### Data listing
(* For every positive integer $n$: (a) $\displaystyle nN^p(n)=\sum_{k=1}^{n-1}N^p(k)\sigma(n-k)+\sum_{t=1}^{n}t\,\tau(t)\,p(n-t)$; (b) $\displaystyle nN^q(n)=\sum_{k=1}^{n-1}N^q(k)\sigma^s(n-k)+\sum_{t=1}^{n}t\,\tau^s(t)\,q(n-t)$; (c) $\displaystyle nN^p_{bin}(n)=\sum_{k=1}^{n-1}N^p_{bin}(k)\big(2^{\vartheta_2(n-k)+1}-1\big)+\sum_{t=1}^{n}t\big(\vartheta_2(t)+1\big)b(n-t)$.
   Context: $N^p(n)$ (resp. $N^q(n)$) is the total number of parts, summed over all partitions (resp. partitions into distinct parts) of $n$; $p(m)$, $q(m)$ are the numbers of partitions and of partitions into distinct parts of $m$, with $p(0)=q(0)=1$. $\tau(m)$ is the number of positive divisors of $m$, $\sigma(m)$ their sum, $\tau^s(m)=\sum_{d\mid m}(-1)^{m/d-1}$, $\sigma^s(m)=\sum_{d\mid m}(-1)^{m/d-1}d$. A binary partition is a partition whose parts are powers of $2$ (including $1$); $b(m)$ is the number of binary partitions of $m$ with $b(0)=1$, and $N^p_{bin}(m)$ is the total number of parts over all binary partitions of $m$. $\vartheta_2$ is the $2$-adic valuation. *)

theory Defs
  imports Main "HOL-Library.Multiset" "HOL-Computational_Algebra.Primes"
begin

definition partitions :: "nat \<Rightarrow> nat multiset set" where
  "partitions n = {M. (\<forall>x\<in>#M. 0 < x) \<and> sum_mset M = n}"

definition dist_partitions :: "nat \<Rightarrow> nat multiset set" where
  "dist_partitions n = {M \<in> partitions n. \<forall>x. count M x \<le> 1}"

definition bin_partitions :: "nat \<Rightarrow> nat multiset set" where
  "bin_partitions n = {M \<in> partitions n. \<forall>x\<in>#M. \<exists>k. x = 2 ^ k}"

definition p :: "nat \<Rightarrow> nat" where "p n = card (partitions n)"
definition q :: "nat \<Rightarrow> nat" where "q n = card (dist_partitions n)"
definition b :: "nat \<Rightarrow> nat" where "b n = card (bin_partitions n)"

definition Np :: "nat \<Rightarrow> nat" where "Np n = (\<Sum>M\<in>partitions n. size M)"
definition Nq :: "nat \<Rightarrow> nat" where "Nq n = (\<Sum>M\<in>dist_partitions n. size M)"
definition Np_bin :: "nat \<Rightarrow> nat" where "Np_bin n = (\<Sum>M\<in>bin_partitions n. size M)"

definition divisors :: "nat \<Rightarrow> nat set" where
  "divisors m = {d \<in> {1..m}. d dvd m}"

definition tau :: "nat \<Rightarrow> int" where "tau m = int (card (divisors m))"
definition sigma :: "nat \<Rightarrow> int" where "sigma m = (\<Sum>d\<in>divisors m. int d)"
definition tau_s :: "nat \<Rightarrow> int" where
  "tau_s m = (\<Sum>d\<in>divisors m. (-1) ^ (m div d - 1))"
definition sigma_s :: "nat \<Rightarrow> int" where
  "sigma_s m = (\<Sum>d\<in>divisors m. (-1) ^ (m div d - 1) * int d)"

definition v2 :: "nat \<Rightarrow> nat" where "v2 m = multiplicity (2::nat) m"

end

theory Submission
  imports Defs
begin

text \<open>
  For a partition \<open>M\<close> of \<open>n\<close> with \<open>c\<^sub>j(M)\<close> copies of the part \<open>j\<close> we have
  \<open>n = \<Sum>\<^sub>j j c\<^sub>j(M)\<close>, so \<open>n N(n) = \<Sum>\<^sub>j j \<Sum>\<^sub>M c\<^sub>j(M) |M|\<close>. Counting \<open>c\<^sub>j(M)\<close> as the number
  of \<open>m \<ge> 1\<close> such that \<open>M\<close> contains \<open>m\<close> copies of \<open>j\<close>, and removing these \<open>m\<close> copies,
  turns the inner sum into \<open>\<Sum>\<^sub>m (N(n - mj) + m p(n - mj))\<close>; collecting the pairs \<open>(j, m)\<close>
  with \<open>jm = k\<close> produces the divisor sums. This works for parts from any set \<open>S\<close>, which
  covers ordinary and binary partitions. For distinct parts, \<open>c\<^sub>j(M) \<le> 1\<close>, and removing the
  part \<open>j\<close> maps the partitions containing \<open>j\<close> onto the partitions of \<open>n - j\<close> not containing
  it; iterating this inclusion-exclusion yields the signs \<open>(-1)^(m-1)\<close>.
\<close>

lemma sum_divisor_pairs:
  fixes f :: "nat \<Rightarrow> nat \<Rightarrow> 'a::comm_monoid_add"
  shows "(\<Sum>j=1..n. \<Sum>m=1..n div j. f j m) = (\<Sum>k=1..n. \<Sum>d\<in>divisors k. f d (k div d))"
proof -
  have "(\<Sum>j=1..n. \<Sum>m=1..n div j. f j m) = (\<Sum>(j, m)\<in>(SIGMA j:{1..n}. {1..n div j}). f j m)"
    by (rule sum.Sigma) auto
  also have "\<dots> = (\<Sum>(k, d)\<in>(SIGMA k:{1..n}. divisors k). f d (k div d))"
    by (rule sum.reindex_bij_witness[of _ "\<lambda>(k, d). (d, k div d)" "\<lambda>(j, m). (j * m, j)"])
      (auto simp: divisors_def less_eq_div_iff_mult_less_eq div_le_mono mult.commute
        dest: dvd_imp_le)
  also have "\<dots> = (\<Sum>k=1..n. \<Sum>d\<in>divisors k. f d (k div d))"
    by (rule sum.Sigma[symmetric]) (auto simp: divisors_def)
  finally show ?thesis .
qed

lemma sum_convolution_reflect:
  fixes s N :: "nat \<Rightarrow> 'a::comm_semiring_0"
  assumes "N 0 = 0"
  shows "(\<Sum>k=1..n. s k * N (n - k)) = (\<Sum>k=1..n-1. N k * s (n - k))"
proof (cases n)
  case (Suc n')
  have "(\<Sum>k=1..n. s k * N (n - k)) = (\<Sum>k=1..n'. s k * N (n - k))"
    using assms by (simp add: Suc sum.cl_ivl_Suc)
  also have "\<dots> = (\<Sum>k=1..n'. N k * s (n - k))"
    by (rule sum.reindex_bij_witness[of _ "\<lambda>k. n - k" "\<lambda>k. n - k"]) (auto simp: Suc mult.commute)
  finally show ?thesis
    by (simp add: Suc)
qed simp

lemma sum_mset_eq_sum_count:
  fixes M :: "'a::comm_semiring_1 multiset"
  assumes "finite A" "set_mset M \<subseteq> A"
  shows "sum_mset M = (\<Sum>x\<in>A. of_nat (count M x) * x)"
  using assms(2)
proof (induction M)
  case (add y M)
  then have "(\<Sum>x\<in>A. of_nat (count (add_mset y M) x) * x)
      = (\<Sum>x\<in>A. of_nat (count M x) * x + (if x = y then y else 0))"
    by (intro sum.cong) (auto simp: algebra_simps)
  also have "\<dots> = (\<Sum>x\<in>A. of_nat (count M x) * x) + y"
    using assms(1) add.prems by (simp add: sum.distrib)
  finally show ?case
    using add by (simp add: add.commute)
qed simp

### What to work on
Retype the entries one by one, exactly.

### Answer below
(* For every positive integer $n$: (a) $\displaystyle nN^p(n)=\sum_{k=1}^{n-1}N^p(k)\sigma(n-k)+\sum_{t=1}^{n}t\,\tau(t)\,p(n-t)$; (b) $\displaystyle nN^q(n)=\sum_{k=1}^{n-1}N^q(k)\sigma^s(n-k)+\sum_{t=1}^{n}t\,\tau^s(t)\,q(n-t)$; (c) $\displaystyle nN^p_{bin}(n)=\sum_{k=1}^{n-1}N^p_{bin}(k)\big(2^{\vartheta_2(n-k)+1}-1\big)+\sum_{t=1}^{n}t\big(\vartheta_2(t)+1\big)b(n-t)$.
   Context: $N^p(n)$ (resp. $N^q(n)$) is the total number of parts, summed over all partitions (resp. partitions into distinct parts) of $n$; $p(m)$, $q(m)$ are the numbers of partitions and of partitions into distinct parts of $m$, with $p(0)=q(0)=1$. $\tau(m)$ is the number of positive divisors of $m$, $\sigma(m)$ their sum, $\tau^s(m)=\sum_{d\mid m}(-1)^{m/d-1}$, $\sigma^s(m)=\sum_{d\mid m}(-1)^{m/d-1}d$. A binary partition is a partition whose parts are powers of $2$ (including $1$); $b(m)$ is the number of binary partitions of $m$ with $b(0)=1$, and $N^p_{bin}(m)$ is the total number of parts over all binary partitions of $m$. $\vartheta_2$ is the $2$-adic valuation. *)

theory Defs
  imports Main "HOL-Library.Multiset" "HOL-Computational_Algebra.Primes"
begin

definition partitions :: "nat \<Rightarrow> nat multiset set" where
  "partitions n = {M. (\<forall>x\<in>#M. 0 < x) \<and> sum_mset M = n}"

definition dist_partitions :: "nat \<Rightarrow> nat multiset set" where
  "dist_partitions n = {M \<in> partitions n. \<forall>x. count M x \<le> 1}"

definition bin_partitions :: "nat \<Rightarrow> nat multiset set" where
  "bin_partitions n = {M \<in> partitions n. \<forall>x\<in>#M. \<exists>k. x = 2 ^ k}"

definition p :: "nat \<Rightarrow> nat" where "p n = card (partitions n)"
definition q :: "nat \<Rightarrow> nat" where "q n = card (dist_partitions n)"
definition b :: "nat \<Rightarrow> nat" where "b n = card (bin_partitions n)"

definition Np :: "nat \<Rightarrow> nat" where "Np n = (\<Sum>M\<in>partitions n. size M)"
definition Nq :: "nat \<Rightarrow> nat" where "Nq n = (\<Sum>M\<in>dist_partitions n. size M)"
definition Np_bin :: "nat \<Rightarrow> nat" where "Np_bin n = (\<Sum>M\<in>bin_partitions n. size M)"

definition divisors :: "nat \<Rightarrow> nat set" where
  "divisors m = {d \<in> {1..m}. d dvd m}"

definition tau :: "nat \<Rightarrow> int" where "tau m = int (card (divisors m))"
definition sigma :: "nat \<Rightarrow> int" where "sigma m = (\<Sum>d\<in>divisors m. int d)"
definition tau_s :: "nat \<Rightarrow> int" where
  "tau_s m = (\<Sum>d\<in>divisors m. (-1) ^ (m div d - 1))"
definition sigma_s :: "nat \<Rightarrow> int" where
  "sigma_s m = (\<Sum>d\<in>divisors m. (-1) ^ (m div d - 1) * int d)"

definition v2 :: "nat \<Rightarrow> nat" where "v2 m = multiplicity (2::nat) m"

end

theory Submission
  imports Defs
begin

text \<open>
  For a partition \<open>M\<close> of \<open>n\<close> with \<open>c\<^sub>j(M)\<close> copies of the part \<open>j\<close> we have
  \<open>n = \<Sum>\<^sub>j j c\<^sub>j(M)\<close>, so \<open>n N(n) = \<Sum>\<^sub>j j \<Sum>\<^sub>M c\<^sub>j(M) |M|\<close>. Counting \<open>c\<^sub>j(M)\<close> as the number
  of \<open>m \<ge> 1\<close> such that \<open>M\<close> contains \<open>m\<close> copies of \<open>j\<close>, and removing these \<open>m\<close> copies,
  turns the inner sum into \<open>\<Sum>\<^sub>m (N(n - mj) + m p(n - mj))\<close>; collecting the pairs \<open>(j, m)\<close>
  with \<open>jm = k\<close> produces the divisor sums. This works for parts from any set \<open>S\<close>, which
  covers ordinary and binary partitions. For distinct parts, \<open>c\<^sub>j(M) \<le> 1\<close>, and removing the
  part \<open>j\<close> maps the partitions containing \<open>j\<close> onto the partitions of \<open>n - j\<close> not containing
  it; iterating this inclusion-exclusion yields the signs \<open>(-1)^(m-1)\<close>.
\<close>

lemma sum_divisor_pairs:
  fixes f :: "nat \<Rightarrow> nat \<Rightarrow> 'a::comm_monoid_add"
  shows "(\<Sum>j=1..n. \<Sum>m=1..n div j. f j m) = (\<Sum>k=1..n. \<Sum>d\<in>divisors k. f d (k div d))"
proof -
  have "(\<Sum>j=1..n. \<Sum>m=1..n div j. f j m) = (\<Sum>(j, m)\<in>(SIGMA j:{1..n}. {1..n div j}). f j m)"
    by (rule sum.Sigma) auto
  also have "\<dots> = (\<Sum>(k, d)\<in>(SIGMA k:{1..n}. divisors k). f d (k div d))"
    by (rule sum.reindex_bij_witness[of _ "\<lambda>(k, d). (d, k div d)" "\<lambda>(j, m). (j * m, j)"])
      (auto simp: divisors_def less_eq_div_iff_mult_less_eq div_le_mono mult.commute
        dest: dvd_imp_le)
  also have "\<dots> = (\<Sum>k=1..n. \<Sum>d\<in>divisors k. f d (k div d))"
    by (rule sum.Sigma[symmetric]) (auto simp: divisors_def)
  finally show ?thesis .
qed

lemma sum_convolution_reflect:
  fixes s N :: "nat \<Rightarrow> 'a::comm_semiring_0"
  assumes "N 0 = 0"
  shows "(\<Sum>k=1..n. s k * N (n - k)) = (\<Sum>k=1..n-1. N k * s (n - k))"
proof (cases n)
  case (Suc n')
  have "(\<Sum>k=1..n. s k * N (n - k)) = (\<Sum>k=1..n'. s k * N (n - k))"
    using assms by (simp add: Suc sum.cl_ivl_Suc)
  also have "\<dots> = (\<Sum>k=1..n'. N k * s (n - k))"
    by (rule sum.reindex_bij_witness[of _ "\<lambda>k. n - k" "\<lambda>k. n - k"]) (auto simp: Suc mult.commute)
  finally show ?thesis
    by (simp add: Suc)
qed simp

lemma sum_mset_eq_sum_count:
  fixes M :: "'a::comm_semiring_1 multiset"
  assumes "finite A" "set_mset M \<subseteq> A"
  shows "sum_mset M = (\<Sum>x\<in>A. of_nat (count M x) * x)"
  using assms(2)
proof (induction M)
  case (add y M)
  then have "(\<Sum>x\<in>A. of_nat (count (add_mset y M) x) * x)
      = (\<Sum>x\<in>A. of_nat (count M x) * x + (if x = y then y else 0))"
    by (intro sum.cong) (auto simp: algebra_simps)
  also have "\<dots> = (\<Sum>x\<in>A. of_nat (count M x) * x) + y"
    using assms(1) add.prems by (simp add: sum.distrib)
  finally show ?case
    using add by (simp add: add.commute)
qed simp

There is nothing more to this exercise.